__What is being asked__: If a line below holds the word "moreover", count it; then say how many such lines there are and nothing else.

(Records to process Opens)

lemma normalized_weak_popov_exists:
  fixes P :: "'a::field poly mat"
  assumes P: "P \<in> carrier_mat m n" and n: "0 < n" and wp: "weak_popov P"
  shows "\<exists>Q. Q \<in> carrier_mat m n \<and> normalized_weak_popov Q \<and> row_module Q = row_module P
    \<and> (\<forall>a<m. \<exists>b<m. row_lead Q a = row_lead P b)"
proof -
  have dP: "dim_row P = m" "dim_col P = n" using P by auto
  have nz: "no_zero_row P" using wp unfolding weak_popov_def by simp
  obtain \<sigma> where \<sigma>: "bij_betw \<sigma> {..<m} {..<m}"
    and sorted: "\<And>a b. a < b \<Longrightarrow> b < m \<Longrightarrow> row_lead P (\<sigma> a) mod n < row_lead P (\<sigma> b) mod n"
    using sorting_permutation[of "\<lambda>i. row_lead P i mod n" m] wp dP unfolding weak_popov_def by auto
  have \<sigma>m: "\<sigma> a < m" if "a < m" for a using \<sigma> that by (auto simp: bij_betw_def)
  define c where "c a = 1 / mon_coeff n (\<lambda>j. P $$ (\<sigma> a, j)) (row_lead P (\<sigma> a))" for a
  have lead: "mon_coeff n (\<lambda>j. P $$ (\<sigma> a, j)) (row_lead P (\<sigma> a)) \<noteq> 0"
    "vanishes_above n (\<lambda>j. P $$ (\<sigma> a, j)) (row_lead P (\<sigma> a))" if "a < m" for a
    using row_lead_spec[OF nz, of "\<sigma> a"] \<sigma>m[OF that] dP n by auto
  have c: "\<forall>a<m. c a \<noteq> 0" unfolding c_def using lead by simp
  define Q where "Q = perm_scale_rows m n \<sigma> c P"
  have Q: "Q \<in> carrier_mat m n" unfolding Q_def perm_scale_rows_def by simp
  have Qrow: "Q $$ (a, j) = Polynomial.smult (c a) (P $$ (\<sigma> a, j))" if "a < m" "j < n" for a j
    unfolding Q_def perm_scale_rows_def using that by simp
  have mcQ: "mon_coeff n (\<lambda>j. Q $$ (a, j)) N = c a * mon_coeff n (\<lambda>j. P $$ (\<sigma> a, j)) N" if "a < m" for a N
    using mon_coeff_cong[OF _ n, of "\<lambda>j. Q $$ (a, j)" "\<lambda>j. Polynomial.smult (c a) (P $$ (\<sigma> a, j))"]
      Qrow[OF that] mon_coeff_smult by simp
  have leadQ: "row_lead Q a = row_lead P (\<sigma> a)" if a: "a < m" for a
    using lead_index_eqI[OF n, of "\<lambda>j. Q $$ (a, j)" "row_lead P (\<sigma> a)"] lead[OF a] c a mcQ[OF a] Q
    unfolding vanishes_above_def by simp
  have "no_zero_row Q" unfolding no_zero_row_iff
  proof (intro allI impI)
    fix a assume "a < dim_row Q"
    then have a: "a < m" using Q by simp
    then obtain j where "j < n" "P $$ (\<sigma> a, j) \<noteq> 0" using nz \<sigma>m dP unfolding no_zero_row_iff by blast
    then show "\<exists>j<dim_col Q. Q $$ (a, j) \<noteq> 0" using Qrow[OF a] c a Q by auto
  qed
  moreover have "mon_coeff (dim_col Q) (\<lambda>j. Q $$ (a, j)) (row_lead Q a) = 1" if "a < dim_row Q" for a
    using that Q leadQ mcQ lead unfolding c_def by simp
  ultimately have "normalized_weak_popov Q" unfolding normalized_weak_popov_def using sorted Q leadQ by auto
  moreover have "row_module Q = row_module P" unfolding Q_def by (rule row_module_perm_scale_rows[OF P \<sigma> c])
  moreover have "\<forall>a<m. \<exists>b<m. row_lead Q a = row_lead P b" using leadQ \<sigma>m by blast
  ultimately show ?thesis using Q by (intro exI[of _ Q]) simp
qed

(Records to process Closes)

__Written response__: 3